** Opening DATASET block **
lemma rank_one_hessian_of_soliton_equation:
  fixes \<phi> h :: "real^'n::finite \<Rightarrow> real"
  assumes \<phi>: "smooth_on UNIV \<phi>" and h: "smooth_on UNIV h" and "m \<noteq> 0"
    and eq: "\<And>i j x. pd i (pd j h) x - m * (pd j (pd i \<phi>) x + pd j \<phi> x * pd i \<phi> x) = c i j"
  shows "pd k (pd i \<phi>) x * pd j \<phi> x = pd j (pd i \<phi>) x * pd k \<phi> x"
proof -
  have diff: "\<And>\<psi> x. smooth_on UNIV \<psi> \<Longrightarrow> \<psi> differentiable (at x)"
    by (rule smooth_on_imp_differentiable) auto
  have third_order: "pd k' (pd i' (pd j' h)) x
      - m * (pd k' (pd j' (pd i' \<phi>)) x + (pd j' \<phi> x * pd k' (pd i' \<phi>) x + pd k' (pd j' \<phi>) x * pd i' \<phi> x)) = 0"
    for i' j' k'
  proof -
    have "(\<lambda>x. pd i' (pd j' h) x - m * (pd j' (pd i' \<phi>) x + pd j' \<phi> x * pd i' \<phi> x)) = (\<lambda>x. c i' j')"
      using eq by (simp add: fun_eq_iff)
    then have "0 = pd k' (\<lambda>x. pd i' (pd j' h) x - m * (pd j' (pd i' \<phi>) x + pd j' \<phi> x * pd i' \<phi> x)) x"
      by simp
    also have "\<dots> = pd k' (pd i' (pd j' h)) x
      - m * (pd k' (pd j' (pd i' \<phi>)) x + (pd j' \<phi> x * pd k' (pd i' \<phi>) x + pd k' (pd j' \<phi>) x * pd i' \<phi> x))"
      using \<phi> h
      by (simp add: pd_diff pd_cmult pd_add pd_mult diff smooth_on_pd differentiable_add differentiable_mult
          differentiable_cmult_left_iff)
    finally show ?thesis by simp
  qed
  have "pd j (pd i (pd k h)) = pd k (pd i (pd j h))"
    using h smooth_on_pd_commute smooth_on_pd by metis
  moreover have "pd j (pd k (pd i \<phi>)) = pd k (pd j (pd i \<phi>))" "pd j (pd k \<phi>) = pd k (pd j \<phi>)"
    using \<phi> smooth_on_pd_commute smooth_on_pd by metis+
  ultimately have third_order': "pd k (pd i (pd j h)) x
      - m * (pd k (pd j (pd i \<phi>)) x + (pd k \<phi> x * pd j (pd i \<phi>) x + pd k (pd j \<phi>) x * pd i \<phi> x)) = 0"
    using third_order[of j i k] by simp
  have "m * (pd k (pd i \<phi>) x * pd j \<phi> x - pd j (pd i \<phi>) x * pd k \<phi> x)
    = (pd k (pd i (pd j h)) x
      - m * (pd k (pd j (pd i \<phi>)) x + (pd k \<phi> x * pd j (pd i \<phi>) x + pd k (pd j \<phi>) x * pd i \<phi> x)))
    - (pd k (pd i (pd j h)) x
      - m * (pd k (pd j (pd i \<phi>)) x + (pd j \<phi> x * pd k (pd i \<phi>) x + pd k (pd j \<phi>) x * pd i \<phi> x)))"
    by (simp add: algebra_simps)
  also have "\<dots> = 0"
    using third_order[of k i j] third_order' by simp
  finally show ?thesis
    using \<open>m \<noteq> 0\<close> by simp
qed
abbreviation intensity :: "'x measure \<Rightarrow> (real \<Rightarrow> real) measure \<Rightarrow> (real \<times> 'x \<times> (real \<Rightarrow> real)) measure" where
  "intensity \<mu> \<nu> \<equiv> restrict_space lborel {0..} \<Otimes>\<^sub>M (\<mu> \<Otimes>\<^sub>M \<nu>)"

locale poisson_iteration = poisson_proc M "intensity \<mu> \<nu>" Pts
  for M :: "'w measure" and \<mu> :: "'x measure" and \<nu> :: "(real \<Rightarrow> real) measure" and Pts +
  fixes A :: "'x set"
  assumes \<nu>_prob: "prob_space \<nu>" and \<nu>_space: "space \<nu> = G_space" and \<nu>_sets: "sets \<nu> = sets G_borel"
    and \<mu>_sigma_finite: "sigma_finite_measure \<mu>"
    and A_sets[measurable]: "A \<in> sets \<mu>" and A_finite: "emeasure \<mu> A < \<infinity>"
begin

abbreviation "Lam \<equiv> intensity \<mu> \<nu>"

definition window :: "real \<Rightarrow> real \<Rightarrow> (real \<times> 'x \<times> (real \<Rightarrow> real)) set" where
  "window a b = {q \<in> space Lam. a \<le> fst q \<and> fst q < b \<and> fst (snd q) \<in> A}"

definition rate :: real where
  "rate = measure \<mu> A"

lemma borel_measurable_lip_const_\<nu>[measurable]: "lip_const \<in> borel_measurable \<nu>"
  using borel_measurable_lip_const measurable_cong_sets[OF \<nu>_sets refl] by blast

lemma borel_measurable_eval_\<nu>[measurable]: "(\<lambda>f. f z) \<in> borel_measurable \<nu>"
  using borel_measurable_eval measurable_cong_sets[OF \<nu>_sets refl] by blast

lemma borel_measurable_fst_Lam[measurable]: "fst \<in> borel_measurable Lam"
proof -
  have "(\<lambda>t. t) \<in> measurable (restrict_space lborel {0::real..}) borel"
    by (rule measurable_restrict_space1) simp
  then show ?thesis using measurable_compose[OF measurable_fst] by fastforce
qed

lemma window_sets[measurable]: "window a b \<in> sets Lam"
  unfolding window_def by measurable

lemma space_Lam: "space Lam = {0..} \<times> space \<mu> \<times> G_space"
  by (simp add: space_pair_measure space_restrict_space \<nu>_space)

lemma Pts_mem: "w \<in> space M \<Longrightarrow> q \<in> Pts w \<Longrightarrow> 0 \<le> fst q \<and> snd (snd q) \<in> G_space"
  using Pts_subset_space[of w] space_Lam by (cases q) auto

lemma nn_integral_window:
  assumes \<phi>[measurable]: "\<phi> \<in> borel_measurable \<nu>" and ab: "0 \<le> a" "a \<le> b"
  shows "(\<integral>\<^sup>+q. \<phi> (snd (snd q)) * indicator (window a b) q \<partial>Lam)
    = ennreal (b - a) * emeasure \<mu> A * (\<integral>\<^sup>+f. \<phi> f \<partial>\<nu>)"
proof -
  interpret \<mu>\<nu>: sigma_finite_measure "\<mu> \<Otimes>\<^sub>M \<nu>"
    using \<mu>_sigma_finite \<nu>_prob by (simp add: sigma_finite_pair_measure prob_space_imp_sigma_finite)
  interpret \<nu>: sigma_finite_measure \<nu> using \<nu>_prob by (simp add: prob_space_imp_sigma_finite)
  define K where "K = emeasure \<mu> A * (\<integral>\<^sup>+f. \<phi> f \<partial>\<nu>)"
  have m1: "(\<lambda>y. indicator A (fst y) * \<phi> (snd y)) \<in> borel_measurable (\<mu> \<Otimes>\<^sub>M \<nu>)"
    by measurable
  have m2: "(\<lambda>q. indicator {a..<b} (fst q) * (indicator A (fst (snd q)) * \<phi> (snd (snd q))))
      \<in> borel_measurable Lam"
    by measurable
  have "(\<integral>\<^sup>+y. indicator A (fst y) * \<phi> (snd y) \<partial>(\<mu> \<Otimes>\<^sub>M \<nu>)) = (\<integral>\<^sup>+x. \<integral>\<^sup>+f. indicator A x * \<phi> f \<partial>\<nu> \<partial>\<mu>)"
    by (subst \<nu>.nn_integral_fst[symmetric, OF m1]) simp
  also have "\<dots> = K"
    unfolding K_def by (simp add: nn_integral_cmult nn_integral_multc)
  finally have inner: "(\<integral>\<^sup>+y. indicator A (fst y) * \<phi> (snd y) \<partial>(\<mu> \<Otimes>\<^sub>M \<nu>)) = K" .
  have "(\<integral>\<^sup>+q. \<phi> (snd (snd q)) * indicator (window a b) q \<partial>Lam)
      = (\<integral>\<^sup>+q. indicator {a..<b} (fst q) * (indicator A (fst (snd q)) * \<phi> (snd (snd q))) \<partial>Lam)"
    by (intro nn_integral_cong) (auto simp: window_def indicator_def)
  also have "\<dots> = (\<integral>\<^sup>+t. indicator {a..<b} t * K \<partial>restrict_space lborel {0..})"
    by (subst \<mu>\<nu>.nn_integral_fst[symmetric, OF m2]) (simp add: nn_integral_cmult inner)
  also have "\<dots> = K * emeasure (restrict_space lborel {0..}) {a..<b}"
    using ab by (subst mult.commute, intro nn_integral_cmult_indicator) (auto simp: sets_restrict_space_iff)
  also have "emeasure (restrict_space lborel {0..}) {a..<b} = ennreal (b - a)"
    using ab by (subst emeasure_restrict_space) auto
  finally show ?thesis unfolding K_def by (simp add: ac_simps)
qed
** Closing DATASET block **
WHAT THE TASK ASKS >>
For each line in the material above that contains the string "where", make a copy.

RESULT FOR THIS EXERCISE >>
abbreviation intensity :: "'x measure \<Rightarrow> (real \<Rightarrow> real) measure \<Rightarrow> (real \<times> 'x \<times> (real \<Rightarrow> real)) measure" where
definition window :: "real \<Rightarrow> real \<Rightarrow> (real \<times> 'x \<times> (real \<Rightarrow> real)) set" where
definition rate :: real where
  define K where "K = emeasure \<mu> A * (\<integral>\<^sup>+f. \<phi> f \<partial>\<nu>)"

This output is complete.